阿尔法瑞斯压制住怒火,阿西西尔提尔拥有某种连他的原体心灵都无法阻挡的感应能力。使者称自己为安提迪尔人,来自一个银河系北部边缘的巨大气体星球。它的感应能力是在这样一个高压高重力的环境下发展出来的,在那里,正常的感官和四肢是不够的。

“荷鲁斯很多疑,仅此而已,”阿尔法瑞斯说道:“我们需要谨慎的处理。”

+我感受到沉默。你的角色很明确,荷鲁斯必须赢得这场战争。原始毁灭者正在聚集力量,这股力量现在已经和战帅相连。仪式正在进行,生物召唤自......+

翻译设备发出一连串难以理解的刺耳声音。

“自亚空间,你是这个意思吗?”

+如此短小的词语来形容如此复杂的情况。+

“生物正从亚空间中被召唤出来?你是说恶魔,对吗?”阿尔法瑞斯在床头坐下,球体降低高度,让自己与原体的脸平齐,但又保持了一定的距离。不同颜色的气泡在球体的深处闪烁。
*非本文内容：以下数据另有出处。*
lemma Freal_convex:
  assumes "0 \<le> u" "0 \<le> v" "0 \<le> t" "t \<le> 1" "F u \<noteq> \<infinity>" "F v \<noteq> \<infinity>"
  shows "F (t * u + (1 - t) * v) \<noteq> \<infinity> \<and>
    Freal (t * u + (1 - t) * v) \<le> t * Freal u + (1 - t) * Freal v"
proof -
  have "F (t * u + (1 - t) * v) \<le> ereal t * F u + ereal (1 - t) * F v"
    by (rule F_convex) (use assms in auto)
  also have "\<dots> = ereal (t * Freal u + (1 - t) * Freal v)"
    using F_eq_ereal_Freal[of u] F_eq_ereal_Freal[of v] assms by simp
  finally have le: "F (t * u + (1 - t) * v) \<le> ereal (t * Freal u + (1 - t) * Freal v)" .
  have "0 \<le> F (t * u + (1 - t) * v)" using assms by (simp add: F_nonneg)
  then have "real_of_ereal (F (t * u + (1 - t) * v))
      \<le> real_of_ereal (ereal (t * Freal u + (1 - t) * Freal v))"
    by (rule real_of_ereal_positive_mono[OF _ le]) simp
  then have "Freal (t * u + (1 - t) * v) \<le> t * Freal u + (1 - t) * Freal v"
    by (simp add: Freal_def)
  with le show ?thesis by auto
qed

lemma Freal_le_convex_comb:
  assumes x: "0 \<le> x" "x \<le> t * u + (1 - t) * v" and uv: "0 \<le> u" "0 \<le> v"
    and t: "0 \<le> t" "t \<le> 1" and fin: "F u \<noteq> \<infinity>" "F v \<noteq> \<infinity>"
  shows "Freal x \<le> t * Freal u + (1 - t) * Freal v"
proof -
  have conv: "F (t * u + (1 - t) * v) \<noteq> \<infinity> \<and>
      Freal (t * u + (1 - t) * v) \<le> t * Freal u + (1 - t) * Freal v"
    by (rule Freal_convex) (use assms in auto)
  have "Freal x \<le> Freal (t * u + (1 - t) * v)" by (rule Freal_mono) (use x conv in auto)
  with conv show ?thesis by linarith
qed

lemma Freal_scale_le: "0 \<le> u \<Longrightarrow> 0 \<le> t \<Longrightarrow> t \<le> 1 \<Longrightarrow> F u \<noteq> \<infinity> \<Longrightarrow> Freal (t * u) \<le> t * Freal u"
  using Freal_convex[of u 0 t] by (simp add: F_zero Freal_def)

end

locale ri_orlicz = ri_space X N + orlicz_fn F
  for X :: "(nat \<Rightarrow> real) set" and N :: "(nat \<Rightarrow> real) \<Rightarrow> real" and F :: "real \<Rightarrow> ereal"
begin

lemma F_in_mono:
  assumes le: "\<And>n. \<bar>v n\<bar> \<le> \<bar>w n\<bar>" and w: "F_in X F w"
  shows "F_in X F v \<and> N (Fcomp F v) \<le> N (Fcomp F w)"
proof -
  have fin: "F \<bar>w n\<bar> \<noteq> \<infinity>" for n using w by (simp add: F_in_def)
  have wx: "Fcomp F w \<in> X" using w by (simp add: F_in_def)
  have "\<bar>Fcomp F v n\<bar> \<le> \<bar>Fcomp F w n\<bar>" for n
    using Freal_mono[OF _ le fin] Fcomp_nonneg[of v n] Fcomp_nonneg[of w n] by (simp add: Fcomp_eq)
  from ideal[OF wx this] have "Fcomp F v \<in> X \<and> N (Fcomp F v) \<le> N (Fcomp F w)" .
  moreover have "F \<bar>v n\<bar> \<noteq> \<infinity>" for n using F_finite_le[OF _ le fin] by simp
  ultimately show ?thesis by (simp add: F_in_def)
qed

lemma F_in_finite_support:
  assumes "\<And>n. F \<bar>v n\<bar> \<noteq> \<infinity>" and "\<And>n. L \<le> n \<Longrightarrow> v n = 0"
  shows "F_in X F v"
  using assms finite_support_mem[of L "Fcomp F v"] by (simp add: F_in_def Fcomp_eq Freal_def F_zero)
+车轮滚滚向前,布下道道陷阱。你那些忠于帝皇的兄弟们将面对他们最黑暗的敌人,他们必须陨落。+

“这话你以前说过了。目前我们必须等待,看看科拉克斯会做什么,看看你的预言是否真实可信。”

+这不是预言。而是准确的事实。乌鸦将会觐见帝皇,他将会得到一份礼物,一份可以改变未来战争进程的礼物。这份礼物必须销毁。+

“毁掉这份礼物似乎太浪费了,”阿尔法瑞斯说道。他站起来走到门口,然后转身看向阿西西尔提尔:“我觉得把它交给阿尔法军团总比毁掉更好。”

+那不是我们商量好的,我提醒你要记住我们之间的协议。装置和暗鸦守卫将被摧毁。计划必须继续下去。+

“我不这么认为。”阿尔法瑞斯说:“我的孪生兄弟欧米伽已经到达卡瓦赫,也就是救赎星环绕的世界。我们在那里已经找到了盟友,科拉克斯的老对手们不大喜欢他们新的机械教主人,他们正在谋划独立。请放心,暗鸦守卫会被摧毁的,但在欧米伽为阿尔法军团收下这份奖品之前不会。”

翻译设备爆发出一阵无法理解的尖叫,球体在卧室里上下跳动,里面的气体也在不停地翻腾。

“别那么激动,”阿尔法瑞斯笑着说道:“我们都不希望你弄坏什么东西,对吧?”

+你的不诚实行为将被传达给密教。+

“等到我拿到了奖品,等到荷鲁斯距离推翻帝皇更近一步,我们再来看看密教是否会反对我的行动。”阿尔法瑞斯从卧房里走出来:“在那之前,你可以保留你的意见。”

他锁上了卧室的门,屏蔽了卧室里翻译设备愤怒的机械噪音。

一切都已部署就绪,现在到了最艰难的时刻:等待。他等待着卡瓦赫上的孪生兄弟欧米伽与铸造世界的反帝国势力取得联系,等待着暗鸦守卫内的特工向欧米伽汇报。

阿尔法瑞斯坐在其中一张沙发上,他将手肘放在膝盖上,双手托着下巴,脑子里思考着整个计划。荷鲁斯已经准备好扮演他的角色,现在已经没有什么可以妨碍整个计划的进行,一切都会如阿尔法瑞斯所设想的那样顺利。